当然彼の死を悲しむ者はおらず、むしろ暴虐が終わったことに感謝するものが大半だったのは想像に難くない。
レイクの次代の小隊長にはウィルが選ばれたようだ。
王都へと期間途中だった騎士団長が戻ってきて、格式に従ってウィルに部隊が与えられる式が執り行われた。

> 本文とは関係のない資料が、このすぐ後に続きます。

(* Let $m\ge2$, let $\eta$ be a primitive $m$-th root of unity, and let $F(x,y)=(x+y)^m$. Consider real polynomials $G(x,y)$ such that $G(\eta x,\eta y)=G(x,y)$, $G=1$ on the line $x+y=1$, $G$ has only non-negative coefficients, $G(0,0)=0$, and such that the polynomial $H=(G-F)/(F-1)$ (so that $G=F-H+HF$) has only non-negative coefficients. For such $G$, the number of terms $N(G)$ is either $m+1$ or at least $2m+1$; that is, $N(G)$ lies neither in $\{1,\dots,m\}$ nor in $\{m+2,\dots,2m\}$. Conversely, $m+1$ and every integer $N\ge 2m+1$ occur as $N(G)$ for some such $G$.
   Context: $N(q)$ denotes the number of distinct monomials with nonzero coefficient in $q$. For $G$ as described, $G-F$ is divisible by $F-1$, so $H$ is a polynomial. *)

theory Defs
  imports Complex_Main
begin

text \<open>Real bivariate polynomials are represented by their coefficient functions:
  c (i,j) is the coefficient of x^i y^j; only finitely many are nonzero.\<close>

type_synonym bipoly = "nat \<times> nat \<Rightarrow> real"

definition supp2 :: "bipoly \<Rightarrow> (nat \<times> nat) set" where
  "supp2 c = {p. c p \<noteq> 0}"

definition is_bipoly :: "bipoly \<Rightarrow> bool" where
  "is_bipoly c \<longleftrightarrow> finite (supp2 c)"

definition beval :: "bipoly \<Rightarrow> 'a::{real_algebra_1,comm_ring_1} \<Rightarrow> 'a \<Rightarrow> 'a" where
  "beval c x y = (\<Sum>p\<in>supp2 c. of_real (c p) * x ^ fst p * y ^ snd p)"

definition nterms :: "bipoly \<Rightarrow> nat" where
  "nterms c = card (supp2 c)"

definition admissible :: "nat \<Rightarrow> complex \<Rightarrow> bipoly \<Rightarrow> bool" where
  "admissible m \<eta> G \<longleftrightarrow>
     is_bipoly G \<and>
     (\<forall>x y :: complex. beval G (\<eta> * x) (\<eta> * y) = beval G x y) \<and>
     (\<forall>x y :: real. x + y = 1 \<longrightarrow> beval G x y = 1) \<and>
     (\<forall>p. G p \<ge> 0) \<and>
     G (0, 0) = 0 \<and>
     (\<exists>H. is_bipoly H \<and> (\<forall>p. H p \<ge> 0) \<and>
        (\<forall>x y :: real. beval G x y = (x + y) ^ m - beval H x y + beval H x y * (x + y) ^ m))"

end

theory Submission
  imports Defs "HOL-Computational_Algebra.Polynomial"
begin

text \<open>
  Write \<open>Q = H + 1\<close> and \<open>F = (x + y)^m\<close>, so that \<open>G = Q F - Q + 1\<close>. Since \<open>Q F\<close> has no monomials
  of degree below \<open>m\<close>, \<open>G(0,0) = 0\<close> forces \<open>Q(0,0) = 1\<close>. All coefficients being nonnegative, no
  cancellation occurs in \<open>Q F\<close>, so every monomial of \<open>Q F\<close> that does not occur in \<open>Q\<close> survives in
  \<open>G\<close>. If \<open>Q = 1\<close> then \<open>G = F\<close> has \<open>m + 1\<close> terms; otherwise a counting argument finds at least
  \<open>2m + 1\<close> such monomials.

  Conversely, \<open>F\<close> and the polynomials \<open>F^K - h + h F\<close>, with \<open>h\<close> a sum of \<open>s \<le> m\<close> monomials of
  degree \<open>K m\<close>, realise the counts \<open>m + 1\<close> and \<open>K m + s + m\<close>. All their monomials have degree
  divisible by \<open>m\<close>.
\<close>

section \<open>Bivariate polynomials\<close>

text \<open>A bivariate polynomial is a polynomial in \<open>y\<close> over polynomials in \<open>x\<close>.\<close>

definition coeff2 :: "'a::zero poly poly \<Rightarrow> nat \<times> nat \<Rightarrow> 'a" where
  "coeff2 P = (\<lambda>(i, j). coeff (coeff P j) i)"

definition poly2 :: "'a::comm_semiring_0 poly poly \<Rightarrow> 'a \<Rightarrow> 'a \<Rightarrow> 'a" where
  "poly2 P x y = poly (poly P [:y:]) x"

definition poly2_of :: "bipoly \<Rightarrow> real poly poly" where
  "poly2_of c = (\<Sum>p\<in>supp2 c. monom (monom (c p) (fst p)) (snd p))"

lemma poly2_add [simp]: "poly2 (P + Q) x y = poly2 P x y + poly2 Q x y"
  and poly2_diff [simp]: "poly2 (P - Q) x y = poly2 P x y - poly2 Q x y"
  and poly2_mult [simp]: "poly2 (P * Q) x y = poly2 P x y * poly2 Q x y"
  and poly2_1 [simp]: "poly2 1 x y = 1"
  and poly2_power [simp]: "poly2 (P ^ n) x y = poly2 P x y ^ n"
  and poly2_sum: "poly2 (sum f A) x y = (\<Sum>a\<in>A. poly2 (f a) x y)"
  for P Q :: "'a::comm_ring_1 poly poly"
  by (simp_all add: poly2_def poly_sum)

lemma coeff2_add [simp]: "coeff2 (P + Q) p = coeff2 P p + coeff2 Q p"
  and coeff2_diff [simp]: "coeff2 (P - Q) p = coeff2 P p - coeff2 Q p"
  and coeff2_0 [simp]: "coeff2 0 p = 0"
  and coeff2_1: "coeff2 1 p = (if p = (0, 0) then 1 else 0)"
  and coeff2_sum: "coeff2 (sum f A) p = (\<Sum>a\<in>A. coeff2 (f a) p)"
  for P Q :: "'a::comm_ring_1 poly poly"
  by (auto simp: coeff2_def coeff_sum split: prod.splits)

lemma coeff2_mult:
  "coeff2 (P * Q) (i, j) = (\<Sum>l\<le>j. \<Sum>k\<le>i. coeff2 P (k, l) * coeff2 Q (i - k, j - l))"
  by (simp add: coeff2_def coeff_mult coeff_sum)

lemma coeff2_inject: "coeff2 P = coeff2 Q \<longleftrightarrow> P = Q"
proof
  assume "coeff2 P = coeff2 Q"
  then have "coeff2 P (i, j) = coeff2 Q (i, j)" for i j
    by simp
  then show "P = Q"
    by (intro poly_eqI) (simp add: coeff2_def)
qed simp

lemma coeff2_poly2_of:
  assumes "is_bipoly c"
  shows "coeff2 (poly2_of c) = c"
proof
  fix p :: "nat \<times> nat"
  have "coeff2 (poly2_of c) p = (\<Sum>q\<in>supp2 c. if q = p then c q else 0)"
    by (auto simp: coeff2_def poly2_of_def coeff_sum coeff_monom split: prod.splits intro!: sum.cong)
  also have "\<dots> = c p"
    using assms by (simp add: is_bipoly_def supp2_def)
  finally show "coeff2 (poly2_of c) p = c p" .
qed

lemma is_bipoly_coeff2: "is_bipoly (coeff2 P)"
proof -
  define M where "M = Max ((\<lambda>l. degree (coeff P l)) ` {..degree P})"
  have "supp2 (coeff2 P) \<subseteq> {..M} \<times> {..degree P}"
  proof
    fix p
    assume "p \<in> supp2 (coeff2 P)"
    then obtain i j where p: "p = (i, j)" and nz: "coeff (coeff P j) i \<noteq> 0"
      by (cases p) (auto simp: supp2_def coeff2_def)
    then have j: "j \<le> degree P"
      by (metis coeff_0 le_degree)
    have "i \<le> degree (coeff P j)"
      using nz le_degree by blast
    also have "\<dots> \<le> M"
      unfolding M_def using j by (intro Max_ge) auto
    finally show "p \<in> {..M} \<times> {..degree P}"
      using p j by simp
  qed
  then show ?thesis
    unfolding is_bipoly_def by (rule finite_subset) simp
qed

lemma poly2_of_coeff2: "poly2_of (coeff2 P) = P"
  by (simp add: coeff2_poly2_of is_bipoly_coeff2 flip: coeff2_inject)

lemma poly2_poly2_of: "poly2 (poly2_of c) x y = beval c x y"
  unfolding poly2_of_def poly2_sum by (simp add: beval_def poly2_def poly_monom mult.assoc)

lemma beval_coeff2: "beval (coeff2 P) x y = poly2 P x y"
  by (metis poly2_poly2_of poly2_of_coeff2)

lemma coeff_poly_const:
  "coeff (poly P [:y:]) i = poly (map_poly (\<lambda>q. coeff q i) P) y"
  by (induction P) (simp_all add: map_poly_pCons)

lemma poly2_eqI:
  fixes P Q :: "'a::{ring_char_0,idom} poly poly"
  assumes "\<And>x y. poly2 P x y = poly2 Q x y"
  shows "P = Q"
proof -
  have "poly (poly (P - Q) [:y:]) x = 0" for x y
    using assms[of x y] by (simp add: poly2_def)
  then have "poly (P - Q) [:y:] = 0" for y
    using poly_all_0_iff_0 by blast
  then have "poly (map_poly (\<lambda>q. coeff q i) (P - Q)) y = 0" for y i
    by (metis coeff_0 coeff_poly_const)
  then have "map_poly (\<lambda>q. coeff q i) (P - Q) = 0" for i
    using poly_all_0_iff_0 by blast
  then have "coeff (coeff (P - Q) j) i = 0" for i j
    by (metis coeff_0 coeff_map_poly)
  then show ?thesis
    by (simp add: poly_eq_iff)
qed

lemma coeff2_mult_nonneg:
  fixes P Q :: "'a::linordered_idom poly poly"
  assumes "\<And>p. 0 \<le> coeff2 P p" "\<And>p. 0 \<le> coeff2 Q p"
  shows "0 \<le> coeff2 (P * Q) p"
  using assms by (cases p) (auto simp: coeff2_mult intro!: sum_nonneg)
definition R_moderate_growth :: "(real \<Rightarrow> nat \<Rightarrow> real) \<Rightarrow> bool" where
  "R_moderate_growth Mat \<longleftrightarrow> (\<forall>\<alpha>>0. \<exists>\<beta>>0. \<exists>C\<ge>1. \<forall>j k.
      Mat \<alpha> (j + k) \<le> C ^ (j + k) * Mat \<beta> j * Mat \<beta> k)"

definition omegaM :: "(nat \<Rightarrow> real) \<Rightarrow> real \<Rightarrow> real" where
  "omegaM M t = (if 0 < t then (SUP k. ln (t ^ k * M 0 / M k)) else 0)"

definition omegaM_tilde :: "(nat \<Rightarrow> real) \<Rightarrow> real \<Rightarrow> real" where
  "omegaM_tilde M t = omegaM M t + ln (1 + t\<^sup>2)"

definition kappa :: "(real \<Rightarrow> real) \<Rightarrow> real \<Rightarrow> real" where
  "kappa \<omega> t = (LBINT s:{1..}. \<omega> (t * s) / s\<^sup>2)"

definition phistar :: "(real \<Rightarrow> real) \<Rightarrow> real \<Rightarrow> real" where
  "phistar \<omega> x = (SUP y\<in>{0..}. x * y - \<omega> (exp y))"

definition normalized_version :: "(real \<Rightarrow> real) \<Rightarrow> (real \<Rightarrow> real) \<Rightarrow> bool" where
  "normalized_version \<kappa> \<kappa>' \<longleftrightarrow> (\<forall>t\<in>{0..1}. \<kappa>' t = 0)
     \<and> (\<exists>D. \<forall>t\<ge>0. \<bar>\<kappa>' t - \<kappa> t\<bar> \<le> D)"

definition assoc_seq :: "(real \<Rightarrow> real) \<Rightarrow> nat \<Rightarrow> real" where
  "assoc_seq \<kappa>' j = exp (phistar \<kappa>' (real j))"

definition prec_SV :: "(nat \<Rightarrow> real) \<Rightarrow> (nat \<Rightarrow> real) \<Rightarrow> bool" where
  "prec_SV M' M \<longleftrightarrow> (\<exists>s::nat. 1 \<le> s \<and> (\<exists>C. \<forall>j\<ge>1. \<forall>i<j.
      (1 / real j) * (M' j / (real s ^ j * M i)) powr (1 / real (j - i))
        * (\<Sum>k. 1 / quot M (k + j)) \<le> C))"

end

theory Submission
  imports Defs
begin

text \<open>
  Write mu_k for the quotients of M and sigma_j for the tail sum of the 1/mu_k over k >= j.
  Since omega_M(t) is the sum of the positive parts of log(t/mu_k), multiplying t by
  s >= e * max 1 (mu_k/t) raises omega_M by at least one for each such k; integrating this
  against ds/s^2 over [1, oo) gives kappa(t) >= omega_M(t) + min t mu_j * sigma_j / e
  (the integral is finite because sum 1/mu_k < oo). Together with
  j log t - omega_M(t) <= log M_i + (j - i) log (min t mu_j) and the concavity bound
  L log r - r x <= L log (L/x) - L, this gives K_j <= e^D M_i ((j - i)/sigma_j)^(j - i)
  for all i < j, where D bounds the normalization error.
\<close>

section \<open>The associated function of a weight sequence\<close>

lemma weight_seq_M0: "weight_seq M \<Longrightarrow> M 0 = 1"
  and weight_seq_pos: "weight_seq M \<Longrightarrow> 0 < M k"
  and weight_seq_quot_mono: "weight_seq M \<Longrightarrow> i \<le> k \<Longrightarrow> quot M i \<le> quot M k"
  by (auto simp: weight_seq_def incseq_def)

lemma weight_seq_quot_ge_1:
  assumes "weight_seq M" shows "1 \<le> quot M k"
  using weight_seq_quot_mono[OF assms, of 0 k] weight_seq_M0[OF assms] by (simp add: quot_def)

lemma weight_seq_quot_pos: "weight_seq M \<Longrightarrow> 0 < quot M k"
  using weight_seq_quot_ge_1[of M k] by simp

lemma weight_seq_Suc: "weight_seq M \<Longrightarrow> M (Suc k) = M k * quot M (Suc k)"
  using weight_seq_pos[of M k] by (simp add: quot_def)
lemma powr_diff_le_mult_diff:
  fixes a b p :: real
  assumes "0 \<le> a" "a \<le> b" "b \<le> 1" "1 \<le> p"
  shows "b powr p - a powr p \<le> p * (b - a)"
proof (cases "a = b")
  case False
  then have ab: "a < b" using assms by simp
  have deriv: "((\<lambda>x. x powr p) has_real_derivative p * x powr (p - 1)) (at x)" if "0 < x" for x
    using that by (intro derivative_eq_intros) (auto simp: powr_diff)
  have "continuous_on {a..b} (\<lambda>x. x powr p)"
    using assms by (intro continuous_on_powr') (auto intro: continuous_intros)
  moreover have "(\<lambda>x. x powr p) differentiable (at x)" if "a < x" for x
    using assms deriv that unfolding real_differentiable_def by (meson le_less_trans)
  ultimately obtain l z where z: "a < z" "z < b"
    and l: "((\<lambda>x. x powr p) has_real_derivative l) (at z)" "b powr p - a powr p = (b - a) * l"
    using MVT[OF ab] by blast
  have "l = p * z powr (p - 1)"
    using DERIV_unique[OF l(1) deriv] z assms by simp
  moreover have "z powr (p - 1) \<le> 1" using z assms by (intro powr_le1) auto
  ultimately have "l \<le> p" using assms by (simp add: mult_left_le)
  then show ?thesis using l(2) ab by (simp add: mult_left_mono mult.commute)
qed simp

definition sawtooth :: "real \<Rightarrow> real \<Rightarrow> real" where
  "sawtooth p t = dist_Ints t powr p"

lemma sawtooth_nonneg: "0 \<le> sawtooth p t"
  unfolding sawtooth_def by simp

lemma sawtooth_le_1: "0 \<le> p \<Longrightarrow> sawtooth p t \<le> 1"
  unfolding sawtooth_def using dist_Ints_nonneg[of t] dist_Ints_le_half[of t]
  by (intro powr_le1) auto

lemma sawtooth_add_1: "sawtooth p (t + 1) = sawtooth p t"
  unfolding sawtooth_def by (simp add: dist_Ints_add_1)
lemma net_diverges_eventually_not_in_compact:
  fixes x :: "'j \<Rightarrow> 'g::topological_space"
  assumes d: "directed_set J le" and div: "net_diverges J le x" and K: "compact K"
  shows "eventually (\<lambda>j. x j \<notin> K) (net_filter J le)"
proof -
  have "\<exists>V. open V \<and> p \<in> V \<and> eventually (\<lambda>k. x k \<notin> V) (net_filter J le)" for p
  proof -
    from div obtain V where V: "open V" "p \<in> V" "\<not> (\<forall>j\<in>J. \<exists>k\<in>J. le j k \<and> x k \<in> V)"
      unfolding net_diverges_def by blast
    then have "eventually (\<lambda>k. x k \<notin> V) (net_filter J le)"
      by (auto simp: eventually_net_filter[OF d])
    then show ?thesis using V by blast
  qed
  then obtain V where V: "\<And>p. open (V p)" "\<And>p. p \<in> V p"
    "\<And>p. eventually (\<lambda>k. x k \<notin> V p) (net_filter J le)"
    by metis
  obtain C where C: "C \<subseteq> K" "finite C" "K \<subseteq> (\<Union>c\<in>C. V c)"
    using compactE_image[OF K, of K V] V(1,2) by blast
  have "eventually (\<lambda>k. \<forall>c\<in>C. x k \<notin> V c) (net_filter J le)"
    using C(2) V(3) by (simp add: eventually_ball_finite)
  then show ?thesis by eventually_elim (use C(3) in blast)
qed

lemma compact_gen_pow:
  fixes Z :: "'g::topological_group_add set"
  assumes "compact Z"
  shows "compact (gen_pow Z n)"
proof (induction n)
  case 0 then show ?case by simp
next
  case (Suc n)
  have "gen_pow Z (Suc n) = (\<lambda>p. fst p + snd p) ` (Z \<times> gen_pow Z n)"
    by (auto simp: image_iff) (metis fst_conv snd_conv, blast)
  also have "compact \<dots>"
    by (rule compact_continuous_image) (auto intro!: continuous_intros compact_Times assms Suc)
  finally show ?case .
qed

lemma filterlim_word_length_at_top:
  fixes Y :: "'g::topological_group_add set"
  assumes Y: "compact_generating_set Y" and d: "directed_set J le" and div: "net_diverges J le x"
  shows "filterlim (\<lambda>j. word_length Y (x j)) at_top (net_filter J le)"
  unfolding filterlim_at_top
proof
  fix n
  define Z where "Z = Y \<union> uminus ` Y"
  have "compact Z" using Y unfolding Z_def compact_generating_set_def
    by (intro compact_Un compact_continuous_image continuous_intros) auto
  then have cK: "compact (\<Union>m\<in>{..<n}. gen_pow Z m)" by (intro compact_UN finite_lessThan compact_gen_pow)
  have small: "g \<in> (\<Union>m\<in>{..<n}. gen_pow Z m)" if "word_length Y g < n" for g
  proof -
    obtain m where "g \<in> gen_pow Z m" using Y by (auto simp: compact_generating_set_def Z_def)
    then have "g \<in> gen_pow Z (word_length Y g)"
      unfolding word_length_def Z_def[symmetric] by (rule LeastI)
    then show ?thesis using that by auto
  qed
  show "eventually (\<lambda>j. n \<le> word_length Y (x j)) (net_filter J le)"
    by (rule eventually_mono[OF net_diverges_eventually_not_in_compact[OF d div cK]])
       (use small not_le in blast)
qed

section \<open>Orthonormal bases of finite-dimensional subspaces\<close>

definition orthonormal :: "'a::complex_inner_space set \<Rightarrow> bool" where
  "orthonormal E \<longleftrightarrow> (\<forall>e\<in>E. cinner e e = 1) \<and> (\<forall>e\<in>E. \<forall>e'\<in>E. e \<noteq> e' \<longrightarrow> cinner e e' = 0)"

definition expand :: "'a::complex_inner_space set \<Rightarrow> 'a \<Rightarrow> 'a" where
  "expand E w = (\<Sum>e\<in>E. scaleC (cinner e w) e)"

lemma expand_add: "expand E (x + y) = expand E x + expand E y"
  by (simp add: expand_def cinner_add_right scaleC_add_left sum.distrib)

lemma expand_scaleC: "expand E (scaleC c x) = scaleC c (expand E x)"
  by (simp add: expand_def cinner_scaleC_right scaleC_sum_right scaleC_scaleC)

lemma expand_insert: "finite E \<Longrightarrow> u \<notin> E \<Longrightarrow> expand (insert u E) w = scaleC (cinner u w) u + expand E w"
  by (simp add: expand_def)

lemma expand_in_csubspace: "csubspace V \<Longrightarrow> E \<subseteq> V \<Longrightarrow> expand E w \<in> V"
  unfolding expand_def by (auto intro!: csubspace_sum csubspace_scaleC)

lemma cinner_expand: "cinner y (expand E w) = (\<Sum>e\<in>E. cinner e w * cinner y e)"
  by (simp add: expand_def cinner_sum_right cinner_scaleC_right)

lemma cinner_expand_orthonormal:
  assumes "finite E" "orthonormal E" "e \<in> E"
  shows "cinner e (expand E w) = cinner e w"
proof -
  have "cinner e (expand E w) = cinner e w * cinner e e + (\<Sum>e'\<in>E - {e}. cinner e' w * cinner e e')"
    using assms by (simp add: cinner_expand sum.remove)
  also have "(\<Sum>e'\<in>E - {e}. cinner e' w * cinner e e') = 0"
    using assms by (intro sum.neutral) (auto simp: orthonormal_def)
  finally show ?thesis using assms by (simp add: orthonormal_def)
qed

lemma cspan_insert:
  assumes "w \<in> cspan (insert b B)"
  obtains c w' where "w' \<in> cspan B" "w = scaleC c b + w'"
proof -
  from assms obtain F cf where F: "finite F" "F \<subseteq> insert b B" "w = (\<Sum>f\<in>F. scaleC (cf f) f)"
    by (auto simp: cspan_def)
  show ?thesis
  proof (cases "b \<in> F")
    case True
    have "w = scaleC (cf b) b + (\<Sum>f\<in>F - {b}. scaleC (cf f) f)"
      using F True by (simp add: sum.remove)
    moreover have "(\<Sum>f\<in>F - {b}. scaleC (cf f) f) \<in> cspan B"
      unfolding cspan_def using F by (intro CollectI exI[of _ "F - {b}"] exI[of _ cf]) auto
    ultimately show ?thesis using that by blast
  next
    case False
    then have "w \<in> cspan B"
      unfolding cspan_def using F by (intro CollectI exI[of _ F] exI[of _ cf]) auto
    then show ?thesis using that[of w 0] by simp
  qed
qed
(* Let $\mathscr{P}^{S_5}_\bullet$ be the group-action model associated with the Petersen graph, and let $\mathscr{Q}_\bullet$ be the family generated by $\mathscr{P}^{S_5}_2\cup\{\mathrm{GHZ}\}$. Then $\mathscr{Q}_\bullet=\mathscr{P}^{S_5}_\bullet$ if and only if the transposition $R$ belongs to $\mathscr{Q}_4$.
   Context: The Petersen graph $\Gamma$ is the Kneser graph $KG_{5,2}$: vertex set $V_\Gamma$ = the $2$-element subsets of $\{1,\dots,5\}$, adjacency = disjointness. Let $W=\mathbb{C}^{V_\Gamma}$ with basis $(e_v)_{v\in V_\Gamma}$; $S_5$ acts by $\pi\cdot e_{\{a,b\}}=e_{\{\pi(a),\pi(b)\}}$ and diagonally on $W^{\otimes n}$. Set $\mathscr{P}_0=\mathbb{C}$, $\mathscr{P}_n=W^{\otimes n}$, and $\mathscr{P}^{S_5}_n$ = the $S_5$-fixed vectors of $\mathscr{P}_n$. $\mathrm{GHZ}=\sum_{v}e_v\otimes e_v\otimes e_v$, $R=\sum_{u,v}e_u\otimes e_v\otimes e_u\otimes e_v$. Operations: tensor product; contraction $C_{k,k+1}:\mathscr{P}_n\to\mathscr{P}_{n-2}$, $C_{k,k+1}(e_{v_1}\otimes\cdots\otimes e_{v_n})=\delta_{v_k,v_{k+1}}e_{v_1}\otimes\cdots\otimes\widehat{e_{v_k}}\otimes\widehat{e_{v_{k+1}}}\otimes\cdots\otimes e_{v_n}$; rotation $\rho(e_{v_1}\otimes\cdots\otimes e_{v_n})=e_{v_2}\otimes\cdots\otimes e_{v_n}\otimes e_{v_1}$. The family generated by a set $X$ of tensors is the smallest family $(\mathscr{Q}_n)_{n\ge0}$ of linear subspaces $\mathscr{Q}_n\subseteq\mathscr{P}_n$ containing $X$, with $1\in\mathscr{Q}_0$, closed under tensor product, all contractions $C_{k,k+1}$, and rotation. *)

theory Defs
  imports Complex_Main "HOL-Combinatorics.Permutations"
begin

text \<open>Vertices of the Petersen graph: 2-element subsets of {1..5}.
  A tensor in W^(tensor n) is encoded by its coefficient function on words
  of vertices: the coefficient of e_v1 (x) ... (x) e_vn is T [v1,...,vn].\<close>

type_synonym vert = "nat set"
type_synonym tensor = "vert list \<Rightarrow> complex"

definition PV :: "vert set" where
  "PV = {A. A \<subseteq> {1..5} \<and> card A = 2}"

definition Pn :: "nat \<Rightarrow> tensor set" where
  "Pn n = {T. \<forall>xs. T xs \<noteq> 0 \<longrightarrow> length xs = n \<and> set xs \<subseteq> PV}"

text \<open>Action of pi in S5 on tensors: pi . e_{a,b} = e_{pi a, pi b}, diagonally.\<close>
definition act :: "(nat \<Rightarrow> nat) \<Rightarrow> tensor \<Rightarrow> tensor" where
  "act \<pi> T = (\<lambda>xs. T (map (\<lambda>v. inv \<pi> ` v) xs))"

definition PS5 :: "nat \<Rightarrow> tensor set" where
  "PS5 n = {T \<in> Pn n. \<forall>\<pi>. \<pi> permutes {1..5::nat} \<longrightarrow> act \<pi> T = T}"

definition unit_tensor :: tensor where
  "unit_tensor = (\<lambda>xs. if xs = [] then 1 else 0)"

definition tprod :: "nat \<Rightarrow> tensor \<Rightarrow> tensor \<Rightarrow> tensor" where
  "tprod m S T = (\<lambda>xs. if m \<le> length xs then S (take m xs) * T (drop m xs) else 0)"

text \<open>Contraction C_{i+1,i+2} (0-indexed position i) of adjacent slots.\<close>
definition contract :: "nat \<Rightarrow> tensor \<Rightarrow> tensor" where
  "contract i T = (\<lambda>ys. \<Sum>v\<in>PV. T (take i ys @ v # v # drop i ys))"

text \<open>Rotation rho(e_v1 (x) ... (x) e_vn) = e_v2 (x) ... (x) e_vn (x) e_v1.\<close>
definition rot :: "tensor \<Rightarrow> tensor" where
  "rot T = (\<lambda>xs. if xs = [] then T [] else T (last xs # butlast xs))"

訓練を終えて家に帰ると、そこには昨日とは別の世界があった。
ベッドだけではなく家全ての家具が新品になっており、壁の罅割れもすっかり見当たらない。
当然、床の粘液は念入りに消されている。
「ご主人様、お帰りなさいませ」
そして、一番の違いは彼女だ。
扉を開けた途端、見知らぬ女性が箒を持ってゴミを集めていていたら誰だって驚くだろう。
「あなたは?」
「私は小隊長ウィル様にお仕えしている、リリと申します」
ウィルの質問に、リリと名乗る女性は笑顔を崩さないまま答える。
昨日までの彼はメイドを雇う金銭も無かったし、雇った記憶もないのだが……。
「どうして僕に仕えるの?」
「……美味しい鳥肉を下さったではありませんか」
その言葉でウィルは全てを察した。
さっきのリリの言葉の、お仕え『している』の意味も含めて、リリとの出会いも全てを思い出す。
「そっか、じゃあまず二人で鳥肉を食べよう……有難う、リリ」
そう言って、レイクの通り魔で当日に食べられなかった鳥肉を机に置く。
ウィルの言葉にリリは呆気に取られていたが、すぐに満面の笑みをウィルに見せた。